On what grounds can a decision of the relevant authority be appealed?
Both the PPSC and the offender can appeal the decision of the provincial superior court to the provincial court of appeal, or of the Federal Court to the Federal Court of Appeal. The offender can appeal as of right questions of law and of mixed fact and law, but needs leave to appeal questions of facts and sentencing.
The decision of the provincial or federal court of appeal can be appealed to the Supreme Court of Canada. The appeal is of right when there is a dissenting opinion on appeal; otherwise, leave is required. In order to be granted leave to appeal to the Supreme Court of Canada, the question at issue must be of such public importance or of such a nature or significance as to justify to be heard and decided by that court.
The standard of review of questions of facts and questions of mixed facts and law, on appeal, is deferential. To reverse, the court of appeal needs to find a “palpable and overriding error.” The standard of review applicable to a question of law is generally correctness, which allows a court of appeal to replace the incorrect opinion of a lower court.
What is the process for filing an appeal?
The appeal routes are as set out above in section 22. To initiate an appeal, the appellant must file an appeal following the applicable procedure in the jurisdiction of the appeal court. Hence, deadlines and procedures will vary by province, territory and if the case was heard by the Federal Court. To appeal to the Supreme Court of Canada, an application for leave to appeal must be filed within 60 days of the decision below.

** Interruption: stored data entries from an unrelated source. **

lemma finite_conv_pairs:
  fixes f g :: "'a::{comm_monoid_add, order} \<Rightarrow> 'r::zero"
  assumes so: "strictly_ordered_monoid TYPE('a)" and "f \<in> gps" "g \<in> gps"
  shows "finite (conv_pairs f g s)"
proof (rule ccontr)
  assume "infinite (conv_pairs f g s)"
  then obtain p :: "nat \<Rightarrow> 'a \<times> 'a" where p: "inj p" "range p \<subseteq> conv_pairs f g s"
    using infinite_countable_subset by meson
  have p_in: "p n \<in> conv_pairs f g s" for n
    using p(2) by blast
  have p_sum: "fst (p n) + snd (p n) = s"
    and p_supp: "fst (p n) \<in> supp f" "snd (p n) \<in> supp g" for n
    using p_in[of n] by (cases "p n"; simp add: conv_pairs_def supp_def)+
  have fst_range: "(fst \<circ> p) ` UNIV \<subseteq> supp f" and snd_range: "(snd \<circ> p) ` H \<subseteq> supp g" for H
    using p_supp by auto
  have f_supp: "artinian (supp f)" "narrow (supp f)" and g_supp: "artinian (supp g)" "narrow (supp g)"
    using assms(2,3) by (simp_all add: gps_def)
  obtain H1 where H1: "infinite H1"
    and fst_mono: "\<And>i j. i \<in> H1 \<Longrightarrow> j \<in> H1 \<Longrightarrow> i < j \<Longrightarrow> (fst \<circ> p) i \<le> (fst \<circ> p) j"
    using artinian_narrow_increasing_subseq[OF f_supp infinite_UNIV_nat fst_range] by metis
  obtain H where H: "H \<subseteq> H1" "infinite H"
    and snd_mono: "\<And>i j. i \<in> H \<Longrightarrow> j \<in> H \<Longrightarrow> i < j \<Longrightarrow> (snd \<circ> p) i \<le> (snd \<circ> p) j"
    using artinian_narrow_increasing_subseq[OF g_supp H1 snd_range] by metis
  obtain i where "i \<in> H"
    using infinite_imp_nonempty[OF H(2)] by blast
  moreover obtain j where "j \<in> H" "i < j"
    using H(2) infinite_nat_iff_unbounded by blast
  moreover have "p i \<noteq> p j" using p(1) \<open>i < j\<close> by (simp add: inj_eq)
  ultimately have "fst (p i) + snd (p i) < fst (p j) + snd (p j)"
    using strictly_ordered_monoid_add_less_add[OF so] fst_mono snd_mono H(1)
    by (simp add: prod_eq_iff subset_iff)
  then show False using p_sum by simp
qed
(* Let $\mathcal{D}$ be a $\{K_3,K_4\}$-decomposition of $K_{18}$ with $\alpha=13$, let $W$ be the set of vertices $x$ with $\alpha_x\ge 2$, and for $i\in\{0,1,2,3\}$ let $t_i$ be the number of copies of $K_3$ in $\mathcal{D}$ having exactly $i$ vertices in $W$. Then $(t_0,t_1,t_2,t_3)\neq(1,1,6,5)$.
   Context: A $\{K_3,K_4\}$-decomposition of $K_v$ is a collection of subgraphs, each isomorphic to $K_3$ or $K_4$, such that every edge of $K_v$ lies in exactly one of them. $\alpha$ is the number of copies of $K_3$ in the decomposition, and for a vertex $x$, $\alpha_x$ is the number of copies of $K_3$ in the decomposition containing $x$. *)

theory Defs
  imports Main
begin

text \<open>A copy of K_3 or K_4 in K_V is determined by its vertex set (a 3- or 4-subset of V).\<close>

definition K34_decomp :: "'a set \<Rightarrow> 'a set set \<Rightarrow> bool" where
  "K34_decomp V D \<longleftrightarrow>
     (\<forall>B\<in>D. B \<subseteq> V \<and> (card B = 3 \<or> card B = 4)) \<and>
     (\<forall>x\<in>V. \<forall>y\<in>V. x \<noteq> y \<longrightarrow> (\<exists>!B. B \<in> D \<and> x \<in> B \<and> y \<in> B))"

definition triangles :: "'a set set \<Rightarrow> 'a set set" where
  "triangles D = {B \<in> D. card B = 3}"

definition alpha :: "'a set set \<Rightarrow> nat" where
  "alpha D = card (triangles D)"

definition alpha_at :: "'a set set \<Rightarrow> 'a \<Rightarrow> nat" where
  "alpha_at D x = card {B \<in> triangles D. x \<in> B}"

end

theory Submission
  imports Defs
begin

text \<open>Write a(x) = alpha_at D x and b(x) = beta_at D x for the numbers of copies of K_3 and K_4
  at x. Counting the 17 neighbours of x gives 2a(x) + 3b(x) = 17, so a(x) is odd and every
  vertex outside W lies in exactly one triangle. The prescribed t gives a total of 28 for a on W,
  and the total 3\<cdot>13 = 39 of a on V then forces |W| = 7, whence b sums to 21 on W. The triangles
  already cover 6\<cdot>1 + 5\<cdot>3 = 21 = C(7,2) pairs inside W, so each copy of K_4 meets W at most
  once and there are at least 21 of them; but counting edges, 153 = 3\<cdot>13 + 6q leaves only
  q = 19.\<close>

lemma sum_card_Int_eq_sum_card_containing:
  assumes "finite F" "finite S"
  shows "(\<Sum>B\<in>F. card (B \<inter> S)) = (\<Sum>x\<in>S. card {B \<in> F. x \<in> B})"
proof -
  have "card (B \<inter> S) = (\<Sum>x\<in>S. if x \<in> B then 1 else 0)" for B
  proof -
    have "B \<inter> S = {x \<in> S. x \<in> B}"
      by auto
    then show ?thesis
      using assms(2) by (simp add: sum.inter_filter[symmetric])
  qed
  moreover have "card {B \<in> F. x \<in> B} = (\<Sum>B\<in>F. if x \<in> B then 1 else 0)" for x
    using assms(1) by (simp add: sum.inter_filter[symmetric])
  ultimately show ?thesis
    using sum.swap by simp
qed

lemma sum_eq_sum_card_fibres:
  fixes f :: "'a \<Rightarrow> nat"
  assumes "finite F" "f ` F \<subseteq> {..n}"
  shows "(\<Sum>B\<in>F. h (f B)) = (\<Sum>i\<le>n. h i * card {B \<in> F. f B = i})"
proof -
  have "(\<Sum>B\<in>F. h (f B)) = (\<Sum>i\<le>n. \<Sum>B\<in>{B \<in> F. f B = i}. h (f B))"
    by (rule sum.group[symmetric]) (use assms in simp_all)
  then show ?thesis
    by (simp add: mult.commute)
qed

What are some recent notable cartel cases (limited to one or two key examples, with a very short summary of the facts, decision and sanctions/level of fine)?
The well-known international investigation into auto-parts concluded in Canada in October 2018, with the Bureau having obtained 13 guilty pleas and more than CDN$86 million in fines. The auto-parts class actions continue.
The PPSC recently had two important prosecution setbacks in domestic matters, namely the jury acquittal in the Durward bid-rigging case in relation to IT services to federal agencies, and the stay of proceedings in the chocolate price-fixing case. The PPSC however secured a number of guilty pleas in domestic cartel and bid-rigging cases in relation to the retail gas, sewer and water services, and ventilation industries.
What are the key recent trends (e.g. in terms of fines, sectors under investigation, applications for leniency, approach to settlement, number of appeals, etc.)?
In order to allow corporations avoiding debarment from public contracts, the PPSC and the Bureau have recently shown an openness to settling matters using a previously underused settlement procedure under section 34 of the Act.
The Bureau has acknowledged on several occasions that, similar to the trend taking hold internationally, it has seen a decrease in leniency applications.
What are the key expected developments over the next 12 months (e.g. imminent statutory changes, procedural changes, upcoming decisions, etc.)?
The Bureau is increasingly using orders for examinations under oath under section 11 of the Act as part of its investigations.
Following a public consultation in 2018, revisions to the federal government Ineligibility and Suspension Policy are expected this year. Changes to the debarment rules could have an impact on ongoing domestic investigations in the engineering and construction industries.
In the coming year, we expect to gain clarity from the Supreme Court of Canada as to whether the Act is a ‘complete code’ or whether private actions can be supplemented by equitable and common law claims, and whether ‘umbrella damages’ are available under the Act.